**ASSIGNMENT**
What you should write out is every line from the one containing "ring.add = (\<lambda>U" to the end of the data, exactly and with nothing else.

*** Block opens ***

(* Let $R$ be a ring, $M$ an $R$-module, and $p$ a weakly associated prime of $M$. Then $\operatorname{p-depth}_{R_p}M_p=0$, i.e. $\operatorname{p-grade}(pR_p,M_p)=0$.
   Context: All rings are commutative with identity. A prime $p$ is weakly associated to $M$ if $p$ is minimal over $(0:_Rz)$ for some $z\in M$. A possibly improper regular sequence on a module $N$ over a ring $A$: each $x_i$ is a non-zero-divisor on $N/(x_1,\dots,x_{i-1})N$. $\operatorname{grade}(I,N)$ is the supremum of lengths of possibly improper regular sequences on $N$ contained in the ideal $I$. The polynomial grade is $\operatorname{p-grade}(I,N)=\lim_{m\to\infty}\operatorname{grade}(IA[t_1,\dots,t_m],A[t_1,\dots,t_m]\otimes_AN)$ ($t_i$ indeterminates). For a quasi-local ring $(A,n)$, $\operatorname{p-depth}N=\operatorname{p-grade}(n,N)$. *)

theory Defs
  imports "HOL-Algebra.Algebra" "HOL-Library.Extended_Real"
begin

definition ann :: "('a, 'b) module \<Rightarrow> 'a ring \<Rightarrow> 'b \<Rightarrow> 'a set" where
  "ann M R z = {r \<in> carrier R. r \<odot>\<^bsub>M\<^esub> z = \<zero>\<^bsub>M\<^esub>}"

definition minimal_prime_over :: "'a ring \<Rightarrow> 'a set \<Rightarrow> 'a set \<Rightarrow> bool" where
  "minimal_prime_over R J P \<longleftrightarrow> primeideal P R \<and> J \<subseteq> P \<and>
     (\<forall>Q. primeideal Q R \<and> J \<subseteq> Q \<and> Q \<subseteq> P \<longrightarrow> Q = P)"

definition weakly_associated :: "'a ring \<Rightarrow> ('a, 'b) module \<Rightarrow> 'a set \<Rightarrow> bool" where
  "weakly_associated R M P \<longleftrightarrow> (\<exists>z \<in> carrier M. minimal_prime_over R (ann M R z) P)"

definition loc_rel :: "'a ring \<Rightarrow> 'a set \<Rightarrow> (('a \<times> 'a) \<times> ('a \<times> 'a)) set" where
  "loc_rel R S = {((a, s), (b, t)). a \<in> carrier R \<and> s \<in> S \<and> b \<in> carrier R \<and> t \<in> S \<and>
     (\<exists>u \<in> S. u \<otimes>\<^bsub>R\<^esub> (t \<otimes>\<^bsub>R\<^esub> a \<ominus>\<^bsub>R\<^esub> s \<otimes>\<^bsub>R\<^esub> b) = \<zero>\<^bsub>R\<^esub>)}"

text \<open>The localized ring R_P; elements are equivalence classes of fractions a/s.
  Operations are given on classes via images of representative pairs.\<close>
definition loc_ring :: "'a ring \<Rightarrow> 'a set \<Rightarrow> ('a \<times> 'a) set ring" where
  "loc_ring R P = (let S = carrier R - P; r = loc_rel R S in
     \<lparr> partial_object.carrier = (carrier R \<times> S) // r,
       monoid.mult = (\<lambda>U V. r `` {(a \<otimes>\<^bsub>R\<^esub> b, s \<otimes>\<^bsub>R\<^esub> t) | a s b t. (a, s) \<in> U \<and> (b, t) \<in> V}),
       monoid.one = r `` {(\<one>\<^bsub>R\<^esub>, \<one>\<^bsub>R\<^esub>)},
       ring.zero = r `` {(\<zero>\<^bsub>R\<^esub>, \<one>\<^bsub>R\<^esub>)},
       ring.add = (\<lambda>U V. r `` {(t \<otimes>\<^bsub>R\<^esub> a \<oplus>\<^bsub>R\<^esub> s \<otimes>\<^bsub>R\<^esub> b, s \<otimes>\<^bsub>R\<^esub> t) | a s b t.
                            (a, s) \<in> U \<and> (b, t) \<in> V}) \<rparr>)"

*** Block closes ***

**WRITTEN ANSWER**
       ring.add = (\<lambda>U V. r `` {(t \<otimes>\<^bsub>R\<^esub> a \<oplus>\<^bsub>R\<^esub> s \<otimes>\<^bsub>R\<^esub> b, s \<otimes>\<^bsub>R\<^esub> t) | a s b t.
                            (a, s) \<in> U \<and> (b, t) \<in> V}) \<rparr>)"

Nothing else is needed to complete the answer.